The specific demands outlined by regional analysts are precise and measurable: Thailand must withdraw its military forces from occupied Cambodian areas, return to the Joint Boundary Commission negotiating table, and cease arbitrary military actions in disputed zones. These are not nebulous aspirations but concrete steps that would either occur or not occur. The current situation—where Thai forces maintain physical control over Cambodian territory while diplomatic processes stall—fundamentally favours the status quo from Bangkok's perspective, removing any incentive for substantive movement.

The Shanghai summit thus becomes a litmus test for China's actual commitment to regional stability versus its preference for maintaining the existing balance of power. Should Beijing emerge from the July 17 meetings issuing only generic statements about cooperation and friendship, without public or private pressure on Thailand regarding military withdrawal and border talks, it would signal that Chinese mediation serves primarily to legitimise the current stalemate rather than resolve it. Conversely, if China issues clear expectations regarding the Fuxian Consensus implementation and conditions future engagement on concrete progress, it would demonstrate that Beijing views border peace as genuinely important to its regional vision.
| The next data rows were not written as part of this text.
(* Let $M$ be a von Neumann algebra, $\omega$ a faithful normal state on $M$, and $T:M\to M$ a positive linear map with $T(I)\le I$. Suppose there exists $\delta>0$ such that for all $k\ge0$, \[ \omega(T^k(d(T)))\in\{0\}\cup[\delta,\infty). \] Then the stabilization index satisfies $n_T\le\lfloor 1/\delta\rfloor$.
   Context: $d(T)=I-T(I)\ge0$ is the defect; $T^0=\mathrm{id}$. The stabilization index is $n_T=\min\{n\ge1:T^n(d(T))=0\}$. A state $\omega$ is faithful if $\omega(x)=0$ with $x\ge0$ implies $x=0$. *)

theory Defs
  imports "HOL-Analysis.Analysis" "HOL-Library.Function_Algebras"
begin

text \<open>Concrete model of a complex Hilbert space: every complex Hilbert space is
  unitarily isomorphic to l2(I) for some index set I; we take I = UNIV :: 'i set
  (an arbitrary type).\<close>

type_synonym 'i vec = "'i \<Rightarrow> complex"
type_synonym 'i op = "'i vec \<Rightarrow> 'i vec"

definition l2 :: "'i vec set" where
  "l2 = {f. (\<lambda>i. (cmod (f i))\<^sup>2) summable_on UNIV}"

definition ip :: "'i vec \<Rightarrow> 'i vec \<Rightarrow> complex" where
  "ip f g = (\<Sum>\<^sub>\<infinity>i. cnj (f i) * g i)"

definition l2norm :: "'i vec \<Rightarrow> real" where
  "l2norm f = sqrt (\<Sum>\<^sub>\<infinity>i. (cmod (f i))\<^sup>2)"

definition vscale :: "complex \<Rightarrow> 'i vec \<Rightarrow> 'i vec" where
  "vscale c f = (\<lambda>i. c * f i)"

text \<open>Bounded operators on l2, with canonical representative (zero off l2).\<close>
definition bounded_op :: "'i op \<Rightarrow> bool" where
  "bounded_op A \<longleftrightarrow>
     (\<forall>f\<in>l2. A f \<in> l2) \<and> (\<forall>f. f \<notin> l2 \<longrightarrow> A f = 0) \<and>
     (\<forall>f\<in>l2. \<forall>g\<in>l2. A (f + g) = A f + A g) \<and>
     (\<forall>f\<in>l2. \<forall>c. A (vscale c f) = vscale c (A f)) \<and>
     (\<exists>C. \<forall>f\<in>l2. l2norm (A f) \<le> C * l2norm f)"

definition id_op :: "'i op" where
  "id_op f = (if f \<in> l2 then f else 0)"

definition op_scale :: "complex \<Rightarrow> 'i op \<Rightarrow> 'i op" where
  "op_scale c A = (\<lambda>f. vscale c (A f))"

definition is_adjoint :: "'i op \<Rightarrow> 'i op \<Rightarrow> bool" where
  "is_adjoint A B \<longleftrightarrow> bounded_op B \<and> (\<forall>f\<in>l2. \<forall>g\<in>l2. ip (A f) g = ip f (B g))"

definition self_adjoint :: "'i op \<Rightarrow> bool" where
  "self_adjoint A \<longleftrightarrow> bounded_op A \<and> is_adjoint A A"

text \<open>Positive operator: <f, A f> >= 0 for all f (on a complex Hilbert space this
  forces self-adjointness).\<close>
definition pos_op :: "'i op \<Rightarrow> bool" where
  "pos_op A \<longleftrightarrow> bounded_op A \<and> (\<forall>f\<in>l2. ip f (A f) \<in> \<real> \<and> 0 \<le> Re (ip f (A f)))"

definition op_le :: "'i op \<Rightarrow> 'i op \<Rightarrow> bool" where
  "op_le A B \<longleftrightarrow> self_adjoint A \<and> self_adjoint B \<and> pos_op (B - A)"

definition commutant :: "'i op set \<Rightarrow> 'i op set" where
  "commutant S = {B. bounded_op B \<and> (\<forall>A\<in>S. A \<circ> B = B \<circ> A)}"

definition von_neumann_algebra :: "'i op set \<Rightarrow> bool" where
  "von_neumann_algebra M \<longleftrightarrow>
     M \<subseteq> Collect bounded_op \<and> (\<forall>A\<in>M. \<exists>B\<in>M. is_adjoint A B) \<and>
     commutant (commutant M) = M"

definition state_on :: "'i op set \<Rightarrow> ('i op \<Rightarrow> complex) \<Rightarrow> bool" where
  "state_on M \<omega> \<longleftrightarrow>
     (\<forall>x\<in>M. \<forall>y\<in>M. \<omega> (x + y) = \<omega> x + \<omega> y) \<and>
     (\<forall>x\<in>M. \<forall>c. \<omega> (op_scale c x) = c * \<omega> x) \<and>
     (\<forall>x\<in>M. pos_op x \<longrightarrow> \<omega> x \<in> \<real> \<and> 0 \<le> Re (\<omega> x)) \<and>
     \<omega> id_op = 1"

definition faithful_on :: "'i op set \<Rightarrow> ('i op \<Rightarrow> complex) \<Rightarrow> bool" where
  "faithful_on M \<omega> \<longleftrightarrow> (\<forall>x\<in>M. pos_op x \<longrightarrow> \<omega> x = 0 \<longrightarrow> x = 0)"

text \<open>Normality: for every bounded increasing net (upward directed nonempty family)
  of self-adjoint elements of M with supremum x (least upper bound among the
  self-adjoint bounded operators), omega(x) = sup omega(x_alpha).\<close>
definition normal_on :: "'i op set \<Rightarrow> ('i op \<Rightarrow> complex) \<Rightarrow> bool" where
  "normal_on M \<omega> \<longleftrightarrow>
     (\<forall>D x. D \<subseteq> M \<and> D \<noteq> {} \<and> (\<forall>a\<in>D. self_adjoint a) \<and>
        (\<forall>a\<in>D. \<forall>b\<in>D. \<exists>c\<in>D. op_le a c \<and> op_le b c) \<and>
        x \<in> M \<and> (\<forall>a\<in>D. op_le a x) \<and>
        (\<forall>y. self_adjoint y \<and> (\<forall>a\<in>D. op_le a y) \<longrightarrow> op_le x y)
      \<longrightarrow> Re (\<omega> x) = (SUP a\<in>D. Re (\<omega> a)))"

definition positive_linear_map :: "'i op set \<Rightarrow> ('i op \<Rightarrow> 'i op) \<Rightarrow> bool" where
  "positive_linear_map M T \<longleftrightarrow>
     (\<forall>x\<in>M. T x \<in> M) \<and>
     (\<forall>x\<in>M. \<forall>y\<in>M. T (x + y) = T x + T y) \<and>
     (\<forall>x\<in>M. \<forall>c. T (op_scale c x) = op_scale c (T x)) \<and>
     (\<forall>x\<in>M. pos_op x \<longrightarrow> pos_op (T x))"

definition defect :: "('i op \<Rightarrow> 'i op) \<Rightarrow> 'i op" where
  "defect T = id_op - T id_op"

definition stab_index :: "('i op \<Rightarrow> 'i op) \<Rightarrow> nat" where
  "stab_index T = (LEAST n. 1 \<le> n \<and> (T ^^ n) (defect T) = 0)"

end

theory Submission
  imports Defs
begin

text \<open>Writing \<open>d = d(T)\<close>, additivity of \<open>T\<^sup>k\<close> applied to \<open>I = d + T(I)\<close> telescopes to
  \<open>1 = \<omega>(I) = (\<Sum>k<n. \<omega>(T\<^sup>k d)) + \<omega>(T\<^sup>n I)\<close>, where every term is nonnegative by positivity.
  By faithfulness, each of the first \<open>n\<close> terms with \<open>T\<^sup>k d \<noteq> 0\<close> is at least \<open>\<delta>\<close>, so at most
  \<open>\<lfloor>1/\<delta>\<rfloor>\<close> consecutive iterates of the defect can be nonzero.\<close>

lemma bounded_op_zero:
  fixes A :: "'i op"
  assumes "bounded_op A"
  shows "A 0 = 0"
proof (cases "(0::'i vec) \<in> l2")
  case True
  then have "A (0 + 0) = A 0 + A 0" using assms unfolding bounded_op_def by blast
  then show ?thesis by simp
qed (use assms in \<open>auto simp: bounded_op_def\<close>)

lemma bounded_op_diff:
  fixes A :: "'i op"
  assumes A: "bounded_op A" and u: "u \<in> l2" and v: "v \<in> l2"
  shows "A (u - v) = A u - A v"
proof -
  have neg_v: "vscale (-1) v \<in> l2" using v unfolding l2_def vscale_def by simp
  have "u - v = u + vscale (-1) v" unfolding vscale_def by auto
  then have "A (u - v) = A (u + vscale (-1) v)" by (simp only:)
  also have "\<dots> = A u + A (vscale (-1) v)"
    using A u neg_v unfolding bounded_op_def by blast
  also have "A (vscale (-1) v) = vscale (-1) (A v)"
    using A v unfolding bounded_op_def by blast
  also have "vscale (-1) (A v) = - A v" unfolding vscale_def by auto
  finally show ?thesis by (metis diff_conv_add_uminus)
qed

lemma pos_op_id_op:
  assumes "bounded_op (id_op :: 'i op)"
  shows "pos_op (id_op :: 'i op)"
  unfolding pos_op_def
proof (rule conjI[OF assms], intro ballI)
  fix f :: "'i vec" assume f: "f \<in> l2"
  let ?s = "\<Sum>\<^sub>\<infinity>i. (cmod (f i))\<^sup>2"
  have "((\<lambda>i. (cmod (f i))\<^sup>2) has_sum ?s) UNIV"
    using f unfolding l2_def by simp
  then have "((\<lambda>i. complex_of_real ((cmod (f i))\<^sup>2)) has_sum complex_of_real ?s) UNIV"
    by (rule has_sum_of_real)
  moreover have "(\<lambda>i. complex_of_real ((cmod (f i))\<^sup>2)) = (\<lambda>i. cnj (f i) * f i)"
    by (metis complex_norm_square mult.commute)
  ultimately have "ip f (id_op f) = complex_of_real ?s"
    unfolding ip_def id_op_def using f by (simp add: infsumI)
  moreover have "?s \<ge> 0" by (simp add: infsum_nonneg)
  ultimately show "ip f (id_op f) \<in> \<real> \<and> 0 \<le> Re (ip f (id_op f))" by simp
qed

lemma bounded_op_comp_id_op: "bounded_op (A :: 'i op) \<Longrightarrow> A \<circ> id_op = id_op \<circ> A"
  by (rule ext) (auto simp: id_op_def bounded_op_def bounded_op_zero)

lemma bounded_op_comp_id_op_minus:
  fixes A X :: "'i op"
  assumes A: "bounded_op A" and X: "bounded_op X" and AX: "A \<circ> X = X \<circ> A"
  shows "A \<circ> (id_op - X) = (id_op - X) \<circ> A"
proof
  fix f :: "'i vec"
  show "(A \<circ> (id_op - X)) f = ((id_op - X) \<circ> A) f"
  proof (cases "f \<in> l2")
    case True
    then have "A f \<in> l2" and "X f \<in> l2" using A X unfolding bounded_op_def by auto
    moreover have "A (X f) = X (A f)" using AX by (metis comp_apply)
    ultimately show ?thesis using True bounded_op_diff[OF A True] by (simp add: id_op_def)
  next
    case False
    then have "A f = 0" and "(id_op - X) f = 0"
      using A X unfolding bounded_op_def by (auto simp: id_op_def)
    moreover have "(id_op - X) 0 = 0"
      using bounded_op_zero[OF X] by (simp add: id_op_def)
    ultimately show ?thesis using bounded_op_zero[OF A] by simp
  qed
qed

lemma von_neumann_algebra_memI:
  assumes "von_neumann_algebra M" and "bounded_op B"
    and "\<And>A. A \<in> commutant M \<Longrightarrow> A \<circ> B = B \<circ> A"
  shows "B \<in> M"
  using assms unfolding von_neumann_algebra_def commutant_def by blast

lemma von_neumann_algebra_id_op:
  assumes "von_neumann_algebra M" and "bounded_op (id_op :: 'i op)"
  shows "(id_op :: 'i op) \<in> M"
  using assms by (intro von_neumann_algebra_memI) (auto simp: commutant_def bounded_op_comp_id_op)

lemma von_neumann_algebra_id_op_minus:
  assumes M: "von_neumann_algebra M" and "X \<in> M" and "bounded_op (id_op - X)"
  shows "id_op - X \<in> M"
proof (rule von_neumann_algebra_memI[OF M \<open>bounded_op (id_op - X)\<close>])
  fix A assume "A \<in> commutant M"
  moreover have "bounded_op X" using M \<open>X \<in> M\<close> unfolding von_neumann_algebra_def by blast
  ultimately have "bounded_op A" "bounded_op X" "A \<circ> X = X \<circ> A"
    using \<open>X \<in> M\<close> unfolding commutant_def by auto
  then show "A \<circ> (id_op - X) = (id_op - X) \<circ> A" by (rule bounded_op_comp_id_op_minus)
qed

locale subunital_positive_map =
  fixes M :: "'i op set" and T :: "'i op \<Rightarrow> 'i op"
  assumes von_neumann: "von_neumann_algebra M"
    and positive_linear: "positive_linear_map M T"
    and subunital: "op_le (T id_op) id_op"
begin

lemma map_mem: "x \<in> M \<Longrightarrow> T x \<in> M"
  using positive_linear unfolding positive_linear_map_def by blast

lemma map_add: "x \<in> M \<Longrightarrow> y \<in> M \<Longrightarrow> T (x + y) = T x + T y"
  using positive_linear unfolding positive_linear_map_def by blast

lemma map_pos: "x \<in> M \<Longrightarrow> pos_op x \<Longrightarrow> pos_op (T x)"
  using positive_linear unfolding positive_linear_map_def by blast

lemma funpow_mem: "x \<in> M \<Longrightarrow> (T ^^ k) x \<in> M"
  by (induction k) (auto intro: map_mem)

lemma funpow_pos: "x \<in> M \<Longrightarrow> pos_op x \<Longrightarrow> pos_op ((T ^^ k) x)"
  by (induction k) (auto intro: map_pos funpow_mem)

lemma funpow_add: "x \<in> M \<Longrightarrow> y \<in> M \<Longrightarrow> (T ^^ k) (x + y) = (T ^^ k) x + (T ^^ k) y"
  by (induction k) (auto simp: map_add funpow_mem)

lemma pos_id_op: "pos_op (id_op :: 'i op)"
  using subunital pos_op_id_op unfolding op_le_def self_adjoint_def by blast

lemma id_op_mem: "id_op \<in> M"
  using von_neumann pos_id_op von_neumann_algebra_id_op unfolding pos_op_def by blast

lemma pos_defect: "pos_op (defect T)"
  using subunital unfolding op_le_def defect_def by blast

lemma defect_mem: "defect T \<in> M"
  using von_neumann_algebra_id_op_minus[OF von_neumann map_mem[OF id_op_mem]] pos_defect
  unfolding defect_def pos_op_def by blast

lemma funpow_id_op_split: "(T ^^ k) id_op = (T ^^ k) (defect T) + (T ^^ Suc k) id_op"
proof -
  have "(T ^^ k) id_op = (T ^^ k) (defect T + T id_op)" by (simp add: defect_def)
  also have "\<dots> = (T ^^ k) (defect T) + (T ^^ Suc k) id_op"
    using funpow_add[OF defect_mem map_mem[OF id_op_mem]] by (simp add: funpow_swap1)
  finally show ?thesis .
qed

lemma state_defect_orbit_telescope:
  assumes "state_on M \<omega>"
  shows "(\<Sum>k<n. \<omega> ((T ^^ k) (defect T))) + \<omega> ((T ^^ n) id_op) = 1"
proof (induction n)
  case 0
  then show ?case using assms unfolding state_on_def by simp
next
  case (Suc n)
  have "\<omega> ((T ^^ n) id_op) = \<omega> ((T ^^ n) (defect T)) + \<omega> ((T ^^ Suc n) id_op)"
    using assms funpow_mem[OF defect_mem] funpow_mem[OF id_op_mem]
    unfolding state_on_def funpow_id_op_split[of n] by blast
  with Suc show ?case by (simp add: add.assoc)
qed

lemma state_defect_orbit_sum_le_one:
  assumes "state_on M \<omega>"
  shows "(\<Sum>k<n. Re (\<omega> ((T ^^ k) (defect T)))) \<le> 1"
proof -
  have "0 \<le> Re (\<omega> ((T ^^ n) id_op))"
    using assms funpow_mem[OF id_op_mem] funpow_pos[OF id_op_mem pos_id_op]
    unfolding state_on_def by blast
  moreover have "(\<Sum>k<n. Re (\<omega> ((T ^^ k) (defect T)))) + Re (\<omega> ((T ^^ n) id_op)) = 1"
    using arg_cong[OF state_defect_orbit_telescope[OF assms, of n], of Re] by simp
  ultimately show ?thesis by linarith
qed

lemma faithful_defect_orbit_nonzero:
  assumes "faithful_on M \<omega>" and "(T ^^ k) (defect T) \<noteq> 0"
  shows "\<omega> ((T ^^ k) (defect T)) \<noteq> 0"
  using assms funpow_mem[OF defect_mem] funpow_pos[OF defect_mem pos_defect]
  unfolding faithful_on_def by blast

end

lemma le_nat_floor_inverse:
  fixes \<delta> :: real
  assumes "0 < \<delta>" and "(\<Sum>k<n. a k) \<le> 1" and "\<And>k. k < n \<Longrightarrow> \<delta> \<le> a k"
  shows "n \<le> nat \<lfloor>1 / \<delta>\<rfloor>"
proof -
  have "real n * \<delta> \<le> (\<Sum>k<n. a k)"
    using sum_mono[of "{..<n}" "\<lambda>_. \<delta>" a] assms(3) by simp
  then have "real n \<le> 1 / \<delta>" using assms(1,2) by (simp add: field_simps)
  then have "int n \<le> \<lfloor>1 / \<delta>\<rfloor>" by (simp add: le_floor_iff)
  then show ?thesis by (metis nat_int nat_mono)
qed

theorem proposition7p23:
  fixes M :: "'i op set" and \<omega> :: "'i op \<Rightarrow> complex"
    and T :: "'i op \<Rightarrow> 'i op" and \<delta> :: real
  assumes "von_neumann_algebra M"
    and "state_on M \<omega>" and "normal_on M \<omega>" and "faithful_on M \<omega>"
    and "positive_linear_map M T"
    and "op_le (T id_op) id_op"
    and "T id_op \<noteq> id_op"
    and "\<delta> > 0"
    and "\<forall>k. \<omega> ((T ^^ k) (defect T)) = 0 \<or>
             (\<omega> ((T ^^ k) (defect T)) \<in> \<real> \<and> \<delta> \<le> Re (\<omega> ((T ^^ k) (defect T))))"
  shows "(\<exists>n\<ge>1. (T ^^ n) (defect T) = 0) \<and> stab_index T \<le> nat \<lfloor>1 / \<delta>\<rfloor>"
proof -
  interpret subunital_positive_map M T using assms(1,5,6) by unfold_locales
  define N where "N = nat \<lfloor>1 / \<delta>\<rfloor>"
  have "\<exists>k\<le>N. (T ^^ k) (defect T) = 0"
  proof (rule ccontr)
    assume "\<not> ?thesis"
    then have "\<delta> \<le> Re (\<omega> ((T ^^ k) (defect T)))" if "k < Suc N" for k
      using that faithful_defect_orbit_nonzero[OF assms(4)] assms(9) by (auto simp: less_Suc_eq_le)
    then have "Suc N \<le> N"
      unfolding N_def
      by (rule le_nat_floor_inverse[OF assms(8) state_defect_orbit_sum_le_one[OF assms(2)]])
    then show False by simp
  qed
  then obtain k where "k \<le> N" and vanish: "(T ^^ k) (defect T) = 0" by blast
  moreover have "1 \<le> k"
    using vanish assms(7) by (cases k) (auto simp: defect_def)
  moreover have "stab_index T \<le> k"
    unfolding stab_index_def using vanish \<open>1 \<le> k\<close> by (auto intro: Least_le)
  ultimately show ?thesis unfolding N_def by auto
qed

end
For Malaysian observers and Southeast Asian policymakers, the outcome matters considerably. A resolved Cambodia-Thailand border dispute would reduce flashpoint tensions in the region and demonstrate that China-brokered agreements can translate into substantive outcomes. Conversely, continued stalemate despite high-level summitry would suggest that diplomatic forums, no matter how prominent the venue or elevated the participants, function primarily as theatre when underlying power imbalances favour the status quo. The 20,000 displaced Cambodians awaiting return to their homes represent the human cost of this diplomatic impasse, a reality that transcends the polished messaging emanating from Shanghai's conference halls.